Kristian House and Wouter Sybrandy attest to the emergence of a more Continental style of racing the British peloton of later. Dempster adds there is no difference in the level of effort required to win races in the UK and in Europe. “To win races in the UK you have to be on a level to win races in Europe,” he says. He cautions young riders against rushing to France or Belgium to “get their heads kicked in just for the sake of going abroad.” “The Premier Calendar is an important stepping stone for young guys coming through,” he adds.

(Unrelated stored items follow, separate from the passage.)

lemma uncertainty_perpendicular_cameras_le:
  assumes h: "0 < h" and \<alpha>: "0 \<le> \<alpha>" "\<alpha> < pi/8"
  shows "uncertainty \<alpha> (gx, 0) {(gx - h, h), (gx + h, h)}
           \<le> ereal (2*h*tan (2*\<alpha>) / (1 - tan (2*\<alpha>)))"
proof (rule uncertainty_le)
  define g sp sq where "g = (gx, 0::real)" and "sp = (gx - h, h)" and "sq = (gx + h, h)"
  define T where "T = tan (2*\<alpha>)"
  have T: "0 \<le> T" "T < 1" using tan_double_bounds[OF \<alpha>] by (simp_all add: T_def)
  have \<alpha>': "\<alpha> < pi/4" using \<alpha> by simp
  fix W assume "\<forall>s\<in>{(gx - h, h), (gx + h, h)}. W s \<in> wedges_through \<alpha> (gx, 0) s"
  then obtain up uq where up: "W sp = wedge \<alpha> sp up" "norm up = 1" "g \<in> wedge \<alpha> sp up"
    and uq: "W sq = wedge \<alpha> sq uq" "norm uq = 1" "g \<in> wedge \<alpha> sq uq"
    unfolding wedges_through_def g_def sp_def sq_def by auto
  have "g \<noteq> sp" "g \<noteq> sq" using h by (simp_all add: g_def sp_def sq_def)
  obtain ap bp where p: "ap \<le> 0" "0 \<le> bp" "bp - ap \<le> tan (2*\<alpha>)"
    and in_p: "\<And>x. x \<in> wedge \<alpha> sp up \<Longrightarrow>
      in_sector ap bp ((x - sp) \<bullet> (g - sp)) ((x - sp) \<bullet> rot (g - sp))"
    using wedge_subset_sector[OF up(2,3) \<open>g \<noteq> sp\<close> \<alpha>(1) \<alpha>'] by blast
  obtain aq bq where q: "aq \<le> 0" "0 \<le> bq" "bq - aq \<le> tan (2*\<alpha>)"
    and in_q: "\<And>x. x \<in> wedge \<alpha> sq uq \<Longrightarrow>
      in_sector aq bq ((x - sq) \<bullet> (g - sq)) ((x - sq) \<bullet> rot (g - sq))"
    using wedge_subset_sector[OF uq(2,3) \<open>g \<noteq> sq\<close> \<alpha>(1) \<alpha>'] by blast
  define \<xi> \<eta> where "\<xi> x = fst x - gx - snd x" and "\<eta> x = - (fst x - gx) - snd x" for x :: pt
  have coords: "in_sector ap bp (2*h + \<xi> x) (- \<eta> x) \<and> in_sector aq bq (2*h + \<eta> x) (\<xi> x)"
    if "x \<in> W sp" "x \<in> W sq" for x
  proof -
    have "(x - sp) \<bullet> (g - sp) = h * (2*h + \<xi> x)" "(x - sp) \<bullet> rot (g - sp) = h * (- \<eta> x)"
      "(x - sq) \<bullet> (g - sq) = h * (2*h + \<eta> x)" "(x - sq) \<bullet> rot (g - sq) = h * \<xi> x"
      by (cases x; simp add: g_def sp_def sq_def \<xi>_def \<eta>_def rot_def algebra_simps)+
    then show ?thesis using in_p that(1) in_q that(2) up(1) uq(1) in_sector_scale[OF h] by metis
  qed
  show "ediam (\<Inter>s\<in>{(gx - h, h), (gx + h, h)}. W s) \<le> ereal (2*h*tan (2*\<alpha>) / (1 - tan (2*\<alpha>)))"
  proof (rule ediam_le)
    fix x y assume "x \<in> (\<Inter>s\<in>{(gx - h, h), (gx + h, h)}. W s)" "y \<in> (\<Inter>s\<in>{(gx - h, h), (gx + h, h)}. W s)"
    then have "x \<in> W sp" "x \<in> W sq" "y \<in> W sp" "y \<in> W sq" by (simp_all add: sp_def sq_def)
    then have "(\<xi> x - \<xi> y)^2 + (\<eta> x - \<eta> y)^2 \<le> 2 * (2*h*T / (1 - T))^2"
      using perpendicular_sectors_dist_sq_le[OF T p[folded T_def] q[folded T_def]] coords by blast
    moreover have "(dist x y)^2 = (fst x - fst y)^2 + (snd x - snd y)^2"
      by (cases x, cases y) (simp add: dist_Pair_Pair dist_real_def)
    then have "(\<xi> x - \<xi> y)^2 + (\<eta> x - \<eta> y)^2 = 2 * (dist x y)^2"
      by (simp add: \<xi>_def \<eta>_def power2_eq_square algebra_simps)
    ultimately have "(dist x y)^2 \<le> (2*h*T / (1 - T))^2" by simp
    moreover have "0 \<le> 2*h*T / (1 - T)" using T h by simp
    ultimately show "dist x y \<le> 2*h*tan (2*\<alpha>) / (1 - tan (2*\<alpha>))"
      unfolding T_def by (rule power2_le_imp_le)
  qed
qed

“Endura, Rapha, Raleigh are all coming back to the UK to win races because of the prestige of the Premier Calendar and the exposure that’s so important to the sponsors.”

Dempster acknowledges the increased risk of accidents and mechanicals posed by the additional dirt road sections, but, citing cross winds as a more significant factor in shaping last year’s race, denies that fortune will decide the outcome of today’s race. “You will see that in Europe, the Tour of Flanders and Paris-Roubaix being the two biggest, there is a plethora of races that depend to an extent on luck, but a big part of it is how aggressively you race. It’s important that if you crash or puncture, you don’t count yourself out,” he says.

Few will discount the defending champion from today’s proceedings. Dempster followed his victory in Dengie last year by winning the East Midlands Cycle Classic a week later, and two weeks after that adding the Tour Doon Hame to his palmares. Hungry to open his account for his new team, one that has started 2012 in emphatic style, Dempster can be counted on to give everything today.